I have validated with a test program all the events except the I-cache events.
The Haswell CPU used for the test was an “Intel(R) Xeon(R) CPU E5-2683 v3 @
2.00GHz” model 63.
I defined a couple of events that are not currently accepted by the preset
mechanism: PAPI_L2_LDH (Level 2 Cache Load Hits) and PAPI_L3_LDH (Level 3 Cache
Load Hits). I have validated the native events used for these presets.
I will leave it to you decide whether these presets should be included.
They are in the file; but are commented out.
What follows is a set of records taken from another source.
definition opt_gamble :: "nat \<Rightarrow> 'x list \<Rightarrow> 'x list \<Rightarrow> 'x list \<times> 'o list \<Rightarrow> real" where
  "opt_gamble i x xh w = indicator {ovec M ob i} (snd w) * (indicator {x} (fst w) - indicator {xh} (fst w))"

lemma opt_iff_opt_gamble: "opt M ob i z = {xh \<in> xseq M i. \<forall>x \<in> xseq M i. Pk M i z (opt_gamble i x xh) \<le> 0}"
  unfolding opt_def opt_gamble_def[abs_def] by simp

lemma hd_xseq: "x \<in> xseq M j \<Longrightarrow> j \<le> n \<Longrightarrow> hd x \<in> st M j"
  using xseq_not_Nil[of x j] xseq_nth[of x j 0] by (simp add: hd_conv_nth)

end

context ihmm_level
begin

lemma Efun_opt_gamble_hd_neq:
  assumes x: "x \<in> xseq M j" and xh: "xh \<in> xseq M j" and ne: "hd x \<noteq> hd xh" and y: "y \<in> st M j"
  shows "Efun M j y (opt_gamble j x xh) = beta M ob j x * indicator {hd x} y - alpha M ob j xh * indicator {hd xh} y"
proof -
  have jn: "1 \<le> j" "j \<le> n" using level by auto
  have "Efun M j y (opt_gamble j x xh)
      = Efun M j y (\<lambda>w. indicator {hd x} y * obs_indicator j x w - indicator {hd xh} y * obs_indicator j xh w)"
    using ne by (intro coherent_lp_cong[OF Efun_coherent[OF y] cell_nonempty[OF jn y]])
      (auto simp: opt_gamble_def obs_indicator_def indicator_def cell_def)
  also have "\<dots> = beta M ob j x * indicator {hd x} y - alpha M ob j xh * indicator {hd xh} y"
    using Efun_obs_indicator[OF jn x y] Efun_obs_indicator[OF jn xh y] ne Efun_zero_on_cell[OF jn E_regular_step y]
    by (cases "hd x = y"; cases "hd xh = y") (auto simp: indicator_def)
  finally show ?thesis .
qed
(* Let $G$ be a connected bipartite graph with bipartition $(A,B)$, with $|A|,|B|\ge2$, that admits no 1-join. Then there exists $a\in A$ such that $G\setminus N[a]$ is connected.
   Context: $N[a]$ is the set consisting of $a$ and its neighbours. $G$ admits a 1-join $(V_1,V_2)$ if $(V_1,V_2)$ is a partition of $V(G)$ with $|V_1|,|V_2|\ge2$ and there are $X_1\subseteq V_1$, $X_2\subseteq V_2$ such that $X_1$ is complete to $X_2$ and there are no other edges between $V_1$ and $V_2$. *)

theory Defs
  imports Main
begin

definition graph :: "'a set \<Rightarrow> ('a \<Rightarrow> 'a \<Rightarrow> bool) \<Rightarrow> bool" where
  "graph V E \<longleftrightarrow> finite V \<and> (\<forall>x y. E x y \<longrightarrow> x \<in> V \<and> y \<in> V \<and> x \<noteq> y \<and> E y x)"

definition connected_on :: "('a \<Rightarrow> 'a \<Rightarrow> bool) \<Rightarrow> 'a set \<Rightarrow> bool" where
  "connected_on E S \<longleftrightarrow> (\<forall>x\<in>S. \<forall>y\<in>S. (\<lambda>u v. u \<in> S \<and> v \<in> S \<and> E u v)\<^sup>*\<^sup>* x y)"

definition bipartition :: "'a set \<Rightarrow> ('a \<Rightarrow> 'a \<Rightarrow> bool) \<Rightarrow> 'a set \<Rightarrow> 'a set \<Rightarrow> bool" where
  "bipartition V E A B \<longleftrightarrow> A \<union> B = V \<and> A \<inter> B = {} \<and>
     (\<forall>x y. E x y \<longrightarrow> (x \<in> A \<and> y \<in> B) \<or> (x \<in> B \<and> y \<in> A))"

definition closed_nbhd :: "'a set \<Rightarrow> ('a \<Rightarrow> 'a \<Rightarrow> bool) \<Rightarrow> 'a \<Rightarrow> 'a set" where
  "closed_nbhd V E a = insert a {x \<in> V. E a x}"

definition is_1_join :: "'a set \<Rightarrow> ('a \<Rightarrow> 'a \<Rightarrow> bool) \<Rightarrow> 'a set \<Rightarrow> 'a set \<Rightarrow> bool" where
  "is_1_join V E V1 V2 \<longleftrightarrow> V1 \<union> V2 = V \<and> V1 \<inter> V2 = {} \<and> card V1 \<ge> 2 \<and> card V2 \<ge> 2 \<and>
     (\<exists>X1 X2. X1 \<subseteq> V1 \<and> X2 \<subseteq> V2 \<and>
        (\<forall>x\<in>V1. \<forall>y\<in>V2. E x y \<longleftrightarrow> x \<in> X1 \<and> y \<in> X2))"

definition admits_1_join :: "'a set \<Rightarrow> ('a \<Rightarrow> 'a \<Rightarrow> bool) \<Rightarrow> bool" where
  "admits_1_join V E \<longleftrightarrow> (\<exists>V1 V2. is_1_join V E V1 V2)"

end

theory Submission
  imports Defs
begin

text \<open>Suppose every \<open>G \ N[a]\<close> with \<open>a \<in> A\<close> is disconnected. Among all pairs \<open>(a, C)\<close>
  with \<open>a \<in> A\<close> and \<open>C\<close> a nonempty connected set of vertices avoiding \<open>N[a]\<close>, choose one with
  \<open>|C|\<close> maximal. Then \<open>C\<close> is a component of \<open>G \ N[a]\<close>, and since \<open>G \ N[a]\<close> is disconnected
  some vertex \<open>d\<close> lies outside \<open>C \<union> N[a]\<close>. Let \<open>Y\<close> be the set of neighbours of \<open>a\<close> that have a
  neighbour in \<open>C\<close>; it is nonempty because \<open>G\<close> is connected. If some \<open>d \<in> A\<close> outside
  \<open>C \<union> N[a]\<close> missed some \<open>y \<in> Y\<close>, then \<open>C \<union> {y, a}\<close> would be a larger connected set avoiding
  \<open>N[d]\<close>. So every such \<open>d\<close> is complete to \<open>Y\<close>, and \<open>(C \<union> Y, V - (C \<union> Y))\<close> is a 1-join with
  \<open>X\<^sub>1 = Y\<close> and \<open>X\<^sub>2\<close> the vertices of \<open>A\<close> on the second side.\<close>

lemma connected_on_singleton: "connected_on E {v}"
  unfolding connected_on_def by auto

lemma connected_on_insert:
  assumes "connected_on E C" "c \<in> C" "E c v" "E v c"
  shows "connected_on E (insert v C)"
proof -
  let ?R = "\<lambda>u w. u \<in> insert v C \<and> w \<in> insert v C \<and> E u w"
  have "(\<lambda>u w. u \<in> C \<and> w \<in> C \<and> E u w) \<le> ?R"
    by auto
  then have in_C: "?R\<^sup>*\<^sup>* x y" if "x \<in> C" "y \<in> C" for x y
    using assms(1) that rtranclp_mono unfolding connected_on_def by blast
  have to_c: "?R\<^sup>*\<^sup>* x c" if "x \<in> insert v C" for x
    using that in_C[OF _ assms(2)] assms(2,4) by auto
  have from_c: "?R\<^sup>*\<^sup>* c y" if "y \<in> insert v C" for y
    using that in_C[OF assms(2)] assms(2,3) by auto
  show ?thesis
    unfolding connected_on_def using to_c from_c by (meson rtranclp_trans)
qed

lemma rtranclp_closed_set:
  assumes "R\<^sup>*\<^sup>* x y" "x \<in> S" "\<And>u w. u \<in> S \<Longrightarrow> R u w \<Longrightarrow> w \<in> S"
  shows "y \<in> S"
  using assms by (induction rule: rtranclp_induct) auto

locale simple_graph =
  fixes V :: "'a set" and E :: "'a \<Rightarrow> 'a \<Rightarrow> bool"
  assumes graph: "graph V E"
begin

lemma finite_vertices: "finite V"
  using graph unfolding graph_def by blast

lemma edge_vertices: "E x y \<Longrightarrow> x \<in> V \<and> y \<in> V"
  using graph unfolding graph_def by blast

lemma edge_sym: "E x y \<Longrightarrow> E y x"
  using graph unfolding graph_def by blast

lemma edge_irrefl: "\<not> E x x"
  using graph unfolding graph_def by blast

lemma closed_nbhd_iff: "x \<in> closed_nbhd V E a \<longleftrightarrow> x = a \<or> E a x"
  using edge_vertices by (auto simp: closed_nbhd_def)

definition attachment :: "'a \<Rightarrow> 'a set \<Rightarrow> 'a set" where
  "attachment a C = {y. E a y \<and> (\<exists>c\<in>C. E c y)}"

lemma attachment_subset: "attachment a C \<subseteq> closed_nbhd V E a"
  by (auto simp: attachment_def closed_nbhd_iff)

lemma attachment_subset_vertices: "attachment a C \<subseteq> V"
  using edge_vertices by (auto simp: attachment_def)

text \<open>The hypothesis \<open>closed\<close> below says that \<open>C\<close> is a union of components of \<open>G \ N[a]\<close>.\<close>

lemma neighbour_of_closed_set:
  assumes "C \<subseteq> V - closed_nbhd V E a"
    and closed: "\<forall>c\<in>C. \<forall>w\<in>V - closed_nbhd V E a. E c w \<longrightarrow> w \<in> C"
    and "c \<in> C" "E c w"
  shows "w \<in> C \<union> attachment a C"
proof (cases "E a w")
  case True
  then show ?thesis
    using assms(3,4) by (auto simp: attachment_def)
next
  case False
  moreover have "w \<noteq> a" "w \<in> V"
    using assms(1,3,4) edge_sym edge_vertices by (auto simp: closed_nbhd_iff)
  ultimately have "w \<in> V - closed_nbhd V E a"
    by (simp add: closed_nbhd_iff)
  then show ?thesis
    using closed assms(3,4) by blast
qed

lemma attachment_nonempty:
  assumes "connected_on E V" "a \<in> V" "C \<noteq> {}" "C \<subseteq> V - closed_nbhd V E a"
    and closed: "\<forall>c\<in>C. \<forall>w\<in>V - closed_nbhd V E a. E c w \<longrightarrow> w \<in> C"
  shows "attachment a C \<noteq> {}"
proof
  assume empty: "attachment a C = {}"
  obtain c where c: "c \<in> C"
    using assms(3) by blast
  have "(\<lambda>u v. u \<in> V \<and> v \<in> V \<and> E u v)\<^sup>*\<^sup>* c a"
    using assms(1,2,4) c unfolding connected_on_def by blast
  then have "a \<in> C"
    by (rule rtranclp_closed_set)
      (use c neighbour_of_closed_set[OF assms(4) closed] empty in auto)
  then show False
    using assms(4) by (auto simp: closed_nbhd_iff)
qed

end

locale bipartite_graph = simple_graph +
  fixes A B :: "'a set"
  assumes bipartition: "bipartition V E A B"
begin

lemma sides_cover: "A \<union> B = V"
  using bipartition unfolding bipartition_def by blast

lemma sides_disjoint: "A \<inter> B = {}"
  using bipartition unfolding bipartition_def by blast

lemma edge_sides: "E x y \<Longrightarrow> (x \<in> A \<and> y \<in> B) \<or> (x \<in> B \<and> y \<in> A)"
  using bipartition unfolding bipartition_def by blast

lemma no_edge_in_A: "x \<in> A \<Longrightarrow> y \<in> A \<Longrightarrow> \<not> E x y"
  using bipartition unfolding bipartition_def by blast

definition far_connected :: "'a \<Rightarrow> 'a set \<Rightarrow> bool" where
  "far_connected a C \<longleftrightarrow> a \<in> A \<and> C \<noteq> {} \<and> C \<subseteq> V - closed_nbhd V E a \<and> connected_on E C"

lemma obtain_max_far_connected:
  assumes "far_connected a\<^sub>0 C\<^sub>0"
  obtains a C where "far_connected a C"
    and "\<And>a' C'. far_connected a' C' \<Longrightarrow> card C' \<le> card C"
proof -
  let ?P = "\<lambda>p. far_connected (fst p) (snd p)"
  have "card (snd p) < Suc (card V)" if "?P p" for p
    using that card_mono[OF finite_vertices] unfolding far_connected_def by (auto intro: le_imp_less_Suc)
  then have "\<exists>p. ?P p \<and> (\<forall>q. ?P q \<longrightarrow> card (snd q) \<le> card (snd p))"
    using assms by (intro ex_has_greatest_nat[where k = "(a\<^sub>0, C\<^sub>0)" and b = "Suc (card V)"]) auto
  then obtain p where "?P p" "\<forall>q. ?P q \<longrightarrow> card (snd q) \<le> card (snd p)"
    by blast
  then show ?thesis
    using that[of "fst p" "snd p"] by fastforce
qed

context
  fixes a C
  assumes far: "far_connected a C"
    and max: "\<And>a' C'. far_connected a' C' \<Longrightarrow> card C' \<le> card C"
begin

lemma max_far_connected_finite: "finite C"
  using far finite_vertices finite_subset unfolding far_connected_def by blast

lemma max_far_connected_closed:
  assumes "c \<in> C" "w \<in> V - closed_nbhd V E a" "E c w"
  shows "w \<in> C"
proof (rule ccontr)
  assume "w \<notin> C"
  have "far_connected a (insert w C)"
    using far assms connected_on_insert[OF _ assms(1,3) edge_sym[OF assms(3)]]
    unfolding far_connected_def by auto
  then show False
    using max \<open>w \<notin> C\<close> max_far_connected_finite by fastforce
qed

lemma max_far_connected_complete:
  assumes "d \<in> A" "d \<in> V - closed_nbhd V E a - C" "y \<in> attachment a C"
  shows "E d y"
proof (rule ccontr)
  assume "\<not> E d y"
  obtain c where c: "c \<in> C" "E c y" and ay: "E a y"
    using assms(3) unfolding attachment_def by blast
  have a: "a \<in> A" "a \<notin> C"
    using far unfolding far_connected_def by (auto simp: closed_nbhd_iff)
  have y: "y \<notin> C" "y \<noteq> a"
    using far ay edge_irrefl unfolding far_connected_def by (auto simp: closed_nbhd_iff)
  have "\<not> E d c'" if "c' \<in> C" for c'
    using max_far_connected_closed[OF that _ edge_sym] assms(2) by blast
  moreover have "connected_on E (insert a (insert y C))"
    using connected_on_insert[OF connected_on_insert[OF _ c edge_sym[OF c(2)]] _ edge_sym[OF ay] ay] far
    unfolding far_connected_def by simp
  ultimately have "far_connected d (insert a (insert y C))"
    using far assms(1,2) a ay \<open>\<not> E d y\<close> no_edge_in_A edge_vertices
    unfolding far_connected_def by (auto simp: closed_nbhd_iff)
  then show False
    using max a(2) y max_far_connected_finite by fastforce
qed

end

lemma attachment_subset_B:
  assumes "a \<in> A"
  shows "attachment a C \<subseteq> B"
  using assms edge_sides sides_disjoint by (fastforce simp: attachment_def)

lemma attachment_cut_edges:
  assumes a: "a \<in> A" and C: "C \<subseteq> V - closed_nbhd V E a"
    and closed: "\<forall>c\<in>C. \<forall>w\<in>V - closed_nbhd V E a. E c w \<longrightarrow> w \<in> C"
    and complete: "\<forall>d\<in>A \<inter> (V - closed_nbhd V E a - C). \<forall>y\<in>attachment a C. E d y"
    and x: "x \<in> C \<union> attachment a C" and y: "y \<in> V - (C \<union> attachment a C)"
  shows "E x y \<longleftrightarrow> x \<in> attachment a C \<and> y \<in> A"
proof (cases "x \<in> C")
  case True
  have "\<not> E x y"
    using neighbour_of_closed_set[OF C closed True] y by blast
  moreover have "x \<notin> attachment a C"
    using True C attachment_subset by blast
  ultimately show ?thesis
    by blast
next
  case False
  then have xY: "x \<in> attachment a C"
    using x by blast
  have "E x y" if "y \<in> A"
  proof (cases "y = a")
    case True
    then show ?thesis
      using xY edge_sym by (simp add: attachment_def)
  next
    case False
    then have "y \<in> A \<inter> (V - closed_nbhd V E a - C)"
      using y \<open>y \<in> A\<close> no_edge_in_A[OF a] by (simp add: closed_nbhd_iff)
    then show ?thesis
      using complete xY edge_sym by blast
  qed
  moreover have "y \<in> A" if "E x y"
    using edge_sides[OF that] attachment_subset_B[OF a] xY sides_disjoint by blast
  ultimately show ?thesis
    using xY by blast
qed

lemma component_1_join:
  assumes "connected_on E V" and a: "a \<in> A" and "C \<noteq> {}" and C: "C \<subseteq> V - closed_nbhd V E a"
    and closed: "\<forall>c\<in>C. \<forall>w\<in>V - closed_nbhd V E a. E c w \<longrightarrow> w \<in> C"
    and d: "d \<in> V - closed_nbhd V E a - C"
    and complete: "\<forall>d\<in>A \<inter> (V - closed_nbhd V E a - C). \<forall>y\<in>attachment a C. E d y"
  shows "is_1_join V E (C \<union> attachment a C) (V - (C \<union> attachment a C))"
proof -
  let ?Y = "attachment a C"
  have "a \<in> V"
    using a sides_cover by blast
  have finite_Y: "finite ?Y" and finite_C: "finite C"
    using attachment_subset_vertices C finite_vertices finite_subset by blast+
  have "card C > 0" "card ?Y > 0"
    using assms(3) attachment_nonempty[OF assms(1) \<open>a \<in> V\<close> assms(3) C closed] finite_C finite_Y
    by (simp_all add: card_gt_0_iff)
  moreover have "C \<inter> ?Y = {}"
    using C attachment_subset by blast
  ultimately have "card (C \<union> ?Y) \<ge> 2"
    using card_Un_disjoint[OF finite_C finite_Y] by simp
  moreover have "card (V - (C \<union> ?Y)) \<ge> 2"
  proof -
    have "a \<noteq> d" and sub: "{a, d} \<subseteq> V - (C \<union> ?Y)"
      using \<open>a \<in> V\<close> C d edge_irrefl by (auto simp: closed_nbhd_iff attachment_def)
    then have "card {a, d} = 2"
      by simp
    then show ?thesis
      using card_mono[OF finite_Diff[OF finite_vertices] sub] by linarith
  qed
  moreover have "C \<union> ?Y \<union> (V - (C \<union> ?Y)) = V"
    using attachment_subset_vertices C by blast
  ultimately show ?thesis
    unfolding is_1_join_def using attachment_cut_edges[OF a C closed complete]
    by (intro conjI exI[of _ ?Y] exI[of _ "(V - (C \<union> ?Y)) \<inter> A"] ballI) auto
qed

end

theorem mainTheorem19:
  fixes V :: "'a set" and E :: "'a \<Rightarrow> 'a \<Rightarrow> bool" and A B :: "'a set"
  assumes "graph V E"
    and "connected_on E V"
    and "bipartition V E A B"
    and "card A \<ge> 2" and "card B \<ge> 2"
    and "\<not> admits_1_join V E"
  shows "\<exists>a\<in>A. connected_on E (V - closed_nbhd V E a)"
proof (rule ccontr)
  interpret bipartite_graph V E A B
    using assms(1,3) by unfold_locales
  assume "\<not> ?thesis"
  then have disconnected: "\<not> connected_on E (V - closed_nbhd V E a)" if "a \<in> A" for a
    using that by blast
  have "A \<noteq> {}"
    using assms(4) by auto
  then obtain a\<^sub>0 where "a\<^sub>0 \<in> A"
    by blast
  moreover obtain v where "v \<in> V - closed_nbhd V E a\<^sub>0"
    using disconnected[OF \<open>a\<^sub>0 \<in> A\<close>] unfolding connected_on_def by blast
  ultimately have "far_connected a\<^sub>0 {v}"
    unfolding far_connected_def by (simp add: connected_on_singleton)
  then obtain a C where far: "far_connected a C"
    and max: "\<And>a' C'. far_connected a' C' \<Longrightarrow> card C' \<le> card C"
    using obtain_max_far_connected by blast
  then have a: "a \<in> A" and C: "C \<noteq> {}" "C \<subseteq> V - closed_nbhd V E a"
    and "C \<noteq> V - closed_nbhd V E a"
    using disconnected unfolding far_connected_def by auto
  then obtain d where d: "d \<in> V - closed_nbhd V E a - C"
    by blast
  have "is_1_join V E (C \<union> attachment a C) (V - (C \<union> attachment a C))"
    using max_far_connected_closed[OF far max] max_far_connected_complete[OF far max]
    by (intro component_1_join[OF assms(2) a C _ d] ballI impI) auto
  then show False
    using assms(6) unfolding admits_1_join_def by blast
qed

end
The preset file for Haswell is already organized with the L1, L2 and L3 events
grouped together. For the preset definitions I felt it necessary to replace,
I commented them out. For the ones I added I put in a section following the
current group beginning with a “# Added by FMB” comment.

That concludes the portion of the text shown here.